First of all, interest rates are low and money is cheap right now. Rates are hovering around 4%; if rates went up by 1%, the monthly payments for a $100,000 home would go up by $100. A 1% rate increase would mean that the payments for a $200,000 home would go up by $200 a month. To put that into perspective, you would be paying an extra $2,400 a year and an extra $72,000 over the life of a 30-year loan.

Secondly, when you buy in the fall or winter, you will face less competition. Fall means new inventory comes on the market and old inventory is repositioned. Typically, there are fewer buyers in the fall because they think they will get better deals in the spring. In reality, though, the opposite is true.



Fall and winter are actually the best times to purchase a home.



Sellers are also more serious in the fall. Most people who sell in the fall have to sell their houses, whereas some spring sellers might just be testing the market to see what they can get. Lowball offers and multiple offer situations typically aren’t an issue in the fall.

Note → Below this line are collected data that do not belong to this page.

theorem corollary4p1:
  fixes E :: "'n::finite \<Rightarrow> 'n \<Rightarrow> bool" and a b :: 'n
  assumes "simple_graph E"
  shows "cnj ` closure {mat_exp (mat_scale (\<i> * complex_of_real t) (adj_matrix E)) $ a $ b | t. t \<ge> 0}
       = closure {mat_exp (mat_scale (\<i> * complex_of_real t) (adj_matrix E)) $ a $ b | t. t \<ge> 0}"
proof -
  define U where "U t = mat_exp (mat_scale (\<i> * complex_of_real t) (adj_matrix E))" for t
  have add: "U (s + t) = U s ** U t" for s t
    by (simp add: U_def mat_exp_mat_scale_add distrib_left)
  have zero: "U 0 = mat 1"
    by (simp add: U_def mat_exp_mat_scale_zero)
  have bounded: "bounded (range U)"
    unfolding U_def
    by (rule bounded_range_mat_exp_i_scale[OF transpose_adj_matrix[OF assms] cnj_adj_matrix_nth])
  have "cnj (U t $ a $ b) = U (- t) $ a $ b" for t
    by (simp add: U_def cnj_mat_exp_i_scale_nth)
  then have "cnj ` {U t $ a $ b | t. t \<ge> 0} \<subseteq> closure {U t $ a $ b | t. t \<ge> 0}"
    using bounded_matrix_group_nth_neg_in_closure_nonneg[OF add zero bounded] by auto
  then show ?thesis
    unfolding U_def by (rule cnj_image_closure_eq)
qed

end
lemma commute_tau_b:
  "(\<And>j. j < n \<Longrightarrow> commute X (at_site j (site_Rb \<gamma> (l - \<mu> (Suc j))))) \<Longrightarrow> commute X (tau_b l n)"
proof (induction n)
  case 0 then show ?case by (simp add: commute_id)
next
  case (Suc n) then show ?case unfolding tau_b_Suc by (intro commute_mult) auto
qed

lemma commute_taubar_b:
  "(\<And>j. j < n \<Longrightarrow> commute X (at_site j (site_Rb \<gamma> (l + \<mu> (Suc j))))) \<Longrightarrow> commute X (taubar_b l n)"
proof (induction n)
  case 0 then show ?case by (simp add: commute_id)
next
  case (Suc n) then show ?case unfolding taubar_b_Suc by (intro commute_mult) auto
qed

lemma commute_Rb_tau_a: "n \<le> k \<Longrightarrow> k < L \<Longrightarrow> commute (at_site k (site_Rb \<gamma> y)) (tau_a l n)"
  by (rule commute_tau_a, rule commute_sym, rule at_site_Ra_Rb_commute) auto

lemma commute_Rb_taubar_a: "n \<le> k \<Longrightarrow> k < L \<Longrightarrow> commute (at_site k (site_Rb \<gamma> y)) (taubar_a l n)"
  by (rule commute_taubar_a, rule commute_sym, rule at_site_Ra_Rb_commute) auto

lemma commute_Ra_tau_b: "n \<le> k \<Longrightarrow> k < L \<Longrightarrow> commute (at_site k (site_Ra \<gamma> y)) (tau_b l n)"
  by (intro commute_tau_b at_site_Ra_Rb_commute) auto

lemma commute_Ra_taubar_b: "n \<le> k \<Longrightarrow> k < L \<Longrightarrow> commute (at_site k (site_Ra \<gamma> y)) (taubar_b l n)"
  by (intro commute_taubar_b at_site_Ra_Rb_commute) auto

lemma commute_K_a_Rb: "j < L \<Longrightarrow> commute (K_a l') (at_site j (site_Rb \<gamma> y))"
  by (simp add: commute_def embed_a_Kop[of j] at_site_mult site_Ka_Rb_commute)

lemma commute_K_b_Ra: "j < L \<Longrightarrow> commute (K_b l') (at_site j (site_Ra \<gamma> y))"
  by (simp add: commute_def embed_b_Kop[of j] at_site_mult site_Kb_Ra_commute)

lemma commute_K_a_tau_b: "n \<le> L \<Longrightarrow> commute (K_a l') (tau_b l n)"
  by (intro commute_tau_b commute_K_a_Rb) auto

lemma commute_K_b_taubar_a: "n \<le> L \<Longrightarrow> commute (K_b l') (taubar_a l n)"
  by (intro commute_taubar_a commute_K_b_Ra) auto

definition R_ab :: "complex \<Rightarrow> opabQ" where
  "R_ab u = at_site 0 (site_ab (Rmat \<gamma> u))"

lemma R_ab_at_site: "m < L \<Longrightarrow> R_ab u = at_site m (site_ab (Rmat \<gamma> u))"
  unfolding R_ab_def by (rule at_site_ab_independent) auto

lemma R_ab_apply: "0 < L \<Longrightarrow> R_ab v (a,b,x) (a',b',y) =
   (if x \<in> states L \<and> y \<in> states L then Rmat \<gamma> v (a,b) (a',b') * (if x = y then 1 else 0) else 0)"
  by (simp add: R_ab_def at_site_ab opabQ_restrict_def)

lemma taubar_a_R_ab_tau_b_exchange:
  assumes "n \<le> L"
  shows "taubar_a l1 n \<odot> R_ab (l1+l2) \<odot> tau_b l2 n = tau_b l2 n \<odot> R_ab (l1+l2) \<odot> taubar_a l1 n"
  using assms
proof (induction n)
  case 0 then show ?case by (simp add: R_ab_def)
next
  case (Suc n)
  have nL: "n < L" using Suc.prems by simp
  define Ra where "Ra = at_site n (site_Ra \<gamma> (l1 + \<mu> (Suc n)))"
  define Rb where "Rb = at_site n (site_Rb \<gamma> (l2 - \<mu> (Suc n)))"
  define R where "R = R_ab (l1+l2)"
  define A where "A = taubar_a l1 n"
  define B where "B = tau_b l2 n"
  have e: "l1 + \<mu> (Suc n) + (l2 - \<mu> (Suc n)) = l1 + l2" by simp
  have ybe: "Ra \<odot> (R \<odot> Rb) = Rb \<odot> (R \<odot> Ra)"
    unfolding Ra_def Rb_def R_def R_ab_at_site[OF nL] at_site_mult[OF nL]
    using site_yang_baxter[of \<gamma> "l1 + \<mu> (Suc n)" "l2 - \<mu> (Suc n)"] unfolding e by simp
  have c1: "A \<odot> Rb = Rb \<odot> A"
    using commute_Rb_taubar_a[of n n] nL unfolding commute_def A_def Rb_def by simp
  have c2: "Ra \<odot> B = B \<odot> Ra"
    using commute_Ra_tau_b[of n n] nL unfolding commute_def B_def Ra_def by simp
  have IH: "A \<odot> R \<odot> B = B \<odot> R \<odot> A"
    using Suc unfolding A_def B_def R_def by simp
  have "taubar_a l1 (Suc n) \<odot> R \<odot> tau_b l2 (Suc n) = A \<odot> Ra \<odot> R \<odot> (Rb \<odot> B)"
    unfolding taubar_a_Suc tau_b_Suc A_def B_def Ra_def Rb_def by simp
  also have "\<dots> = A \<odot> (Ra \<odot> (R \<odot> Rb) \<odot> B)" by (simp only: opabQ_mult_assoc)
  also have "\<dots> = A \<odot> (Rb \<odot> (R \<odot> Ra) \<odot> B)" by (simp only: ybe)
  also have "\<dots> = A \<odot> Rb \<odot> (R \<odot> (Ra \<odot> B))" by (simp only: opabQ_mult_assoc)
  also have "\<dots> = Rb \<odot> A \<odot> (R \<odot> (B \<odot> Ra))" by (simp only: c1 c2)
  also have "\<dots> = Rb \<odot> (A \<odot> R \<odot> B) \<odot> Ra" by (simp only: opabQ_mult_assoc)
  also have "\<dots> = Rb \<odot> (B \<odot> R \<odot> A) \<odot> Ra" by (simp only: IH)
  also have "\<dots> = Rb \<odot> B \<odot> R \<odot> (A \<odot> Ra)" by (simp only: opabQ_mult_assoc)
  also have "\<dots> = tau_b l2 (Suc n) \<odot> R \<odot> taubar_a l1 (Suc n)"
    unfolding taubar_a_Suc tau_b_Suc A_def B_def Ra_def Rb_def by simp
  finally show ?case unfolding R_def .
qed

lemma R_ab_antisym_taubar_exchange:
  assumes "n \<le> L" and l2: "l2 = l1 + \<gamma>"
  shows "R_ab (-\<gamma>) \<odot> (taubar_a l1 n \<odot> taubar_b l2 n) = taubar_b l2 n \<odot> (taubar_a l1 n \<odot> R_ab (-\<gamma>))"
  using assms(1)
proof (induction n)
  case 0 then show ?case by (simp add: R_ab_def)
next
  case (Suc n)
  have nL: "n < L" using Suc.prems by simp
  define Ra where "Ra = at_site n (site_Ra \<gamma> (l1 + \<mu> (Suc n)))"
  define Rb where "Rb = at_site n (site_Rb \<gamma> (l2 + \<mu> (Suc n)))"
  define R where "R = R_ab (-\<gamma>)"
  define A where "A = taubar_a l1 n"
  define B where "B = taubar_b l2 n"
  have e: "l2 + \<mu> (Suc n) = (l1 + \<mu> (Suc n)) + \<gamma>" using l2 by simp
  have ybe: "R \<odot> (Ra \<odot> Rb) = Rb \<odot> (Ra \<odot> R)"
    unfolding Ra_def Rb_def R_def R_ab_at_site[OF nL] at_site_mult[OF nL] e
    using site_yang_baxter_antisym[of \<gamma> "l1 + \<mu> (Suc n)"] by simp
  have c1: "Ra \<odot> B = B \<odot> Ra"
    using commute_Ra_taubar_b[of n n] nL unfolding commute_def B_def Ra_def by simp
  have c2: "A \<odot> Rb = Rb \<odot> A"
    using commute_Rb_taubar_a[of n n] nL unfolding commute_def A_def Rb_def by simp
  have IH: "R \<odot> (A \<odot> B) = B \<odot> (A \<odot> R)"
    using Suc unfolding A_def B_def R_def by simp
  have "R \<odot> (taubar_a l1 (Suc n) \<odot> taubar_b l2 (Suc n)) = R \<odot> (A \<odot> Ra \<odot> (B \<odot> Rb))"
    unfolding taubar_a_Suc taubar_b_Suc A_def B_def Ra_def Rb_def ..
  also have "\<dots> = R \<odot> (A \<odot> (Ra \<odot> B \<odot> Rb))" by (simp only: opabQ_mult_assoc)
  also have "\<dots> = R \<odot> (A \<odot> (B \<odot> Ra \<odot> Rb))" by (simp only: c1)
  also have "\<dots> = R \<odot> (A \<odot> B) \<odot> (Ra \<odot> Rb)" by (simp only: opabQ_mult_assoc)
  also have "\<dots> = B \<odot> (A \<odot> R) \<odot> (Ra \<odot> Rb)" by (simp only: IH)
  also have "\<dots> = B \<odot> (A \<odot> (R \<odot> (Ra \<odot> Rb)))" by (simp only: opabQ_mult_assoc)
  also have "\<dots> = B \<odot> (A \<odot> (Rb \<odot> (Ra \<odot> R)))" by (simp only: ybe)
  also have "\<dots> = B \<odot> (A \<odot> Rb \<odot> (Ra \<odot> R))" by (simp only: opabQ_mult_assoc)
  also have "\<dots> = B \<odot> (Rb \<odot> A \<odot> (Ra \<odot> R))" by (simp only: c2)
  also have "\<dots> = B \<odot> Rb \<odot> (A \<odot> Ra \<odot> R)" by (simp only: opabQ_mult_assoc)
  also have "\<dots> = taubar_b l2 (Suc n) \<odot> (taubar_a l1 (Suc n) \<odot> R)"
    unfolding taubar_a_Suc taubar_b_Suc A_def B_def Ra_def Rb_def ..
  finally show ?case unfolding R_def .
qed

lemma tau_a_tau_b_first_site:
  assumes "1 \<le> n" "n \<le> L"
  shows "\<exists>Y. tau_a l1 n \<odot> tau_b l2 n =
           Y \<odot> (at_site 0 (site_Ra \<gamma> (l1 - \<mu> 1)) \<odot> at_site 0 (site_Rb \<gamma> (l2 - \<mu> 1)))"
  using assms
proof (induction n rule: dec_induct)
  case base
  show ?case
    by (rule exI[of _ "opabQ_restrict op_id"]) (simp add: tau_a_Suc tau_b_Suc del: tau_upto.simps(2))
next
  case (step n)
  then obtain Y where Y: "tau_a l1 n \<odot> tau_b l2 n =
           Y \<odot> (at_site 0 (site_Ra \<gamma> (l1 - \<mu> 1)) \<odot> at_site 0 (site_Rb \<gamma> (l2 - \<mu> 1)))"
    by auto
  define Ra where "Ra = at_site n (site_Ra \<gamma> (l1 - \<mu> (Suc n)))"
  define Rb where "Rb = at_site n (site_Rb \<gamma> (l2 - \<mu> (Suc n)))"
  have c: "tau_a l1 n \<odot> Rb = Rb \<odot> tau_a l1 n"
    using commute_Rb_tau_a[of n n] step unfolding commute_def Rb_def by simp
  have "tau_a l1 (Suc n) \<odot> tau_b l2 (Suc n) = Ra \<odot> tau_a l1 n \<odot> (Rb \<odot> tau_b l2 n)"
    unfolding tau_a_Suc tau_b_Suc Ra_def Rb_def ..
  also have "\<dots> = Ra \<odot> (tau_a l1 n \<odot> Rb \<odot> tau_b l2 n)" by (simp only: opabQ_mult_assoc)
  also have "\<dots> = Ra \<odot> (Rb \<odot> tau_a l1 n \<odot> tau_b l2 n)" by (simp only: c)
  also have "\<dots> = Ra \<odot> Rb \<odot> Y \<odot> (at_site 0 (site_Ra \<gamma> (l1 - \<mu> 1)) \<odot> at_site 0 (site_Rb \<gamma> (l2 - \<mu> 1)))"
    by (simp only: opabQ_mult_assoc Y)
  finally show ?case by blast
qed
theorem psd_mat_sqrt_unique:
  fixes S T :: "real^'n^'n"
  assumes S: "psd_mat S" and T: "psd_mat T" and sq: "S ** S = T ** T"
  shows "S = T"
proof -
  have "transpose (S - T) = transpose S - transpose T"
    by (simp add: transpose_def vec_eq_iff)
  then have "transpose (S - T) = S - T"
    using S T unfolding psd_mat_def by simp
  then obtain B where B: "orthonormal_eigenvectors (S - T) B" "span B = UNIV"
    by (rule symmetric_matrix_orthonormal_eigenbasis)
  have "S - T = 0"
  proof (rule matrix_eq_if_eq_on_spanning_set[OF B(2)])
    fix b assume "b \<in> B"
    then obtain m where "(S - T) *v b = m *\<^sub>R b"
      using B(1) unfolding orthonormal_eigenvectors_def by blast
    then show "(S - T) *v b = 0 *v b"
      using psd_mat_sqrt_difference_eigenvector[OF S T sq] by simp
  qed
  then show ?thesis by simp
qed

lemma mat_sqrt:
  fixes A :: "real^'n^'n"
  assumes "psd_mat A"
  shows psd_mat_sqrt: "psd_mat (mat_sqrt A)" and mat_sqrt_square: "mat_sqrt A ** mat_sqrt A = A"
proof -
  have "\<exists>!S. psd_mat S \<and> S ** S = A"
    using psd_mat_sqrt_exists[OF assms] psd_mat_sqrt_unique by metis
  then have "psd_mat (mat_sqrt A) \<and> mat_sqrt A ** mat_sqrt A = A"
    unfolding mat_sqrt_def by (rule theI')
  then show "psd_mat (mat_sqrt A)" "mat_sqrt A ** mat_sqrt A = A" by auto
qed

section \<open>Inverses and operator norm\<close>

lemma matrix_inv:
  fixes A :: "real^'n^'n"
  assumes "invertible A"
  shows matrix_inv_right: "A ** matrix_inv A = mat 1"
    and matrix_inv_left: "matrix_inv A ** A = mat 1"
proof -
  have "\<exists>A'. A ** A' = mat 1 \<and> A' ** A = mat 1"
    using assms unfolding invertible_def by blast
  then have "A ** matrix_inv A = mat 1 \<and> matrix_inv A ** A = mat 1"
    unfolding matrix_inv_def by (rule someI_ex)
  then show "A ** matrix_inv A = mat 1" "matrix_inv A ** A = mat 1" by auto
qed

lemma matrix_inv_cancel:
  fixes A :: "real^'n^'n"
  assumes "invertible A"
  shows matrix_inv_cancel_right: "A *v (matrix_inv A *v x) = x"
    and matrix_inv_cancel_left: "matrix_inv A *v (A *v x) = x"
  using matrix_inv[OF assms] by (metis matrix_vector_mul_assoc matrix_vector_mul_lid)+

lemma matrix_inv_eqI:
  fixes A B :: "real^'n^'n"
  assumes "\<And>x. B *v (A *v x) = x"
  shows "invertible A" and "matrix_inv A = B"
proof -
  have BA: "B ** A = mat 1"
    using assms by (simp add: matrix_eq matrix_vector_mul_assoc[symmetric])
  then have AB: "A ** B = mat 1" using matrix_left_right_inverse by blast
  with BA show inv: "invertible A" unfolding invertible_def by blast
  have "matrix_inv A = (B ** A) ** matrix_inv A" using BA by simp
  also have "\<dots> = B" using matrix_inv_right[OF inv] by (metis matrix_mul_assoc matrix_mul_rid)
  finally show "matrix_inv A = B" .
qed

lemma matrix_inv_mul:
  fixes A B :: "real^'n^'n"
  assumes "invertible A" "invertible B"
  shows "matrix_inv (A ** B) = matrix_inv B ** matrix_inv A"
  by (rule matrix_inv_eqI(2))
     (simp add: matrix_vector_mul_assoc[symmetric] matrix_inv_cancel_left assms)

lemma matrix_inv_symmetric:
  fixes A :: "real^'n^'n"
  assumes inv: "invertible A" and sym: "transpose A = A"
  shows "transpose (matrix_inv A) = matrix_inv A"
proof (rule transpose_eq_if_inner_sym)
  fix x y
  have "x \<bullet> (matrix_inv A *v y) = (A *v (matrix_inv A *v x)) \<bullet> (matrix_inv A *v y)"
    by (simp add: matrix_inv_cancel_right[OF inv])
  also have "\<dots> = (matrix_inv A *v x) \<bullet> (A *v (matrix_inv A *v y))"
    by (simp add: inner_matrix_vector_sym[OF sym])
  also have "\<dots> = (matrix_inv A *v x) \<bullet> y"
    by (simp add: matrix_inv_cancel_right[OF inv])
  finally show "x \<bullet> (matrix_inv A *v y) = (matrix_inv A *v x) \<bullet> y" .
qed

lemma invertible_mat_sqrt:
  fixes A :: "real^'n^'n"
  assumes "psd_mat A" "invertible A"
  shows "invertible (mat_sqrt A)"
proof -
  have "det (mat_sqrt A) * det (mat_sqrt A) = det A"
    by (simp add: det_mul[symmetric] mat_sqrt_square assms(1))
  also have "\<dots> \<noteq> 0" using assms(2) invertible_det_nz by blast
  finally show ?thesis using invertible_det_nz by fastforce
qed

lemma matrix_inv_matrix_inv:
  fixes A :: "real^'n^'n"
  assumes "invertible A"
  shows "matrix_inv (matrix_inv A) = A"
  by (rule matrix_inv_eqI(2)) (simp add: matrix_inv_cancel_right assms)

lemma invertible_matrix_inv:
  fixes A :: "real^'n^'n"
  assumes "invertible A"
  shows "invertible (matrix_inv A)"
  by (rule matrix_inv_eqI(1)[where B = A]) (simp add: matrix_inv_cancel_right assms)

lemma diagonal_entry_eq_inner: "(B :: real^'n^'n) $ j $ j = axis j 1 \<bullet> (B *v axis j 1)"
proof -
  have "(B *v axis j 1) $ j = B $ j $ j" by (simp add: matrix_vector_mult_basis column_def)
  then show ?thesis by (simp add: cart_eq_inner_axis inner_commute)
qed
text \<open>Towards \<open>-\<infinity>\<close> the factors \<open>c\<^sub>i - 1\<close> grow at least like \<open>9\<^sup>-\<^sup>i\<close>, so the
  products over negative indices decay geometrically.\<close>

lemma cprod_summable:
  assumes x: "x > 0"
  shows "summable (\<lambda>n. cprod x (- int n - 1))"
proof -
  obtain N where N: "4 / x < 9 ^ N" using real_arch_pow[of 9 "4 / x"] by auto
  have ratio: "cprod x (- int (Suc n) - 1) \<le> 1 / 2 * cprod x (- int n - 1)" if "n \<ge> N" for n
  proof -
    have "4 \<le> 9 ^ N * x" using N x by (simp add: field_simps)
    also have "\<dots> \<le> 9 ^ Suc n * x" using that x by (intro mult_right_mono power_increasing) auto
    also have "\<dots> \<le> siter (- int (Suc n)) x" by (rule siter_minus_nat_ge[OF x])
    also have "\<dots> = siter (- int n - 1) x" by (rule arg_cong[where f = "\<lambda>i. siter i x"]) simp
    also have "\<dots> \<le> 2 * (cj (- int n - 1) x - 1)"
      using cfun_minus_one_ge[OF siter_pos[OF x, of "- int n - 1"]] unfolding cj_def by simp
    finally have "2 \<le> cj (- int n - 1) x - 1" by simp
    moreover have "cprod x (- int n - 1) = cprod x (- int (Suc n) - 1) * (cj (- int n - 1) x - 1)"
      unfolding cprod_def using prodc_step[of "\<lambda>i. cj i x - 1" "- int n - 1"] cj_minus_one_pos[OF x]
      by (simp add: less_imp_neq[symmetric] algebra_simps)
    ultimately show ?thesis using cprod_pos[OF x, of "- int (Suc n) - 1"]
      by (simp add: mult_left_mono)
  qed
  show ?thesis
    by (rule summable_ratio_test[of "1 / 2" N]) (use ratio cprod_pos[OF x] in \<open>auto simp: less_imp_le\<close>)
qed

lemma dprod_summable:
  assumes "x > 0"
  shows "summable (\<lambda>n. dprod x (int n))"
proof -
  have "dprod x (int n) = cprod (1 / x) (- int (Suc n) - 1)" for n
  proof -
    have "- int (Suc n) - 1 = - 2 - int n" by simp
    then show ?thesis
      unfolding \<open>- int (Suc n) - 1 = - 2 - int n\<close>
      using dprod_reflect[of "1 / x" 0 "int n"] assms by (simp add: cprod_def)
  qed
  moreover have "summable (\<lambda>n. cprod (1 / x) (- int (Suc n) - 1))"
    using cprod_summable[of "1 / x"] assms
      summable_Suc_iff[where f = "\<lambda>n. cprod (1 / x) (- int n - 1)"] by simp
  ultimately show ?thesis by simp
qed

lemma mdef_diff:
  assumes "x > 0"
  shows "mdef x (k + 1) - mdef x k = cprod x k"
proof -
  have "\<exists>!m. (\<forall>k. m (k + 1) - m k = prodc (\<lambda>i. cj i x - 1) k) \<and> (m \<longlongrightarrow> 0) at_bot"
    using ex1_antidifference_at_bot[OF cprod_summable[OF assms]] unfolding cprod_def .
  from theI'[OF this] show ?thesis unfolding mdef_def cprod_def by blast
qed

Finally, there are a lot of flexible loan programs available on the market for buyers right now. Some loan programs only require a 3% down payment; others go up to 20% down. If you qualify for a VA loan, you can purchase a new home with no money out of pocket.

If you start looking for a home in today’s market, you won’t be disappointed. If you have any questions about navigating the fall market or about real estate in general, give us a call or send us an email. We would be happy to help you!

What’s Happening with Real Estate in the Cleveland Area?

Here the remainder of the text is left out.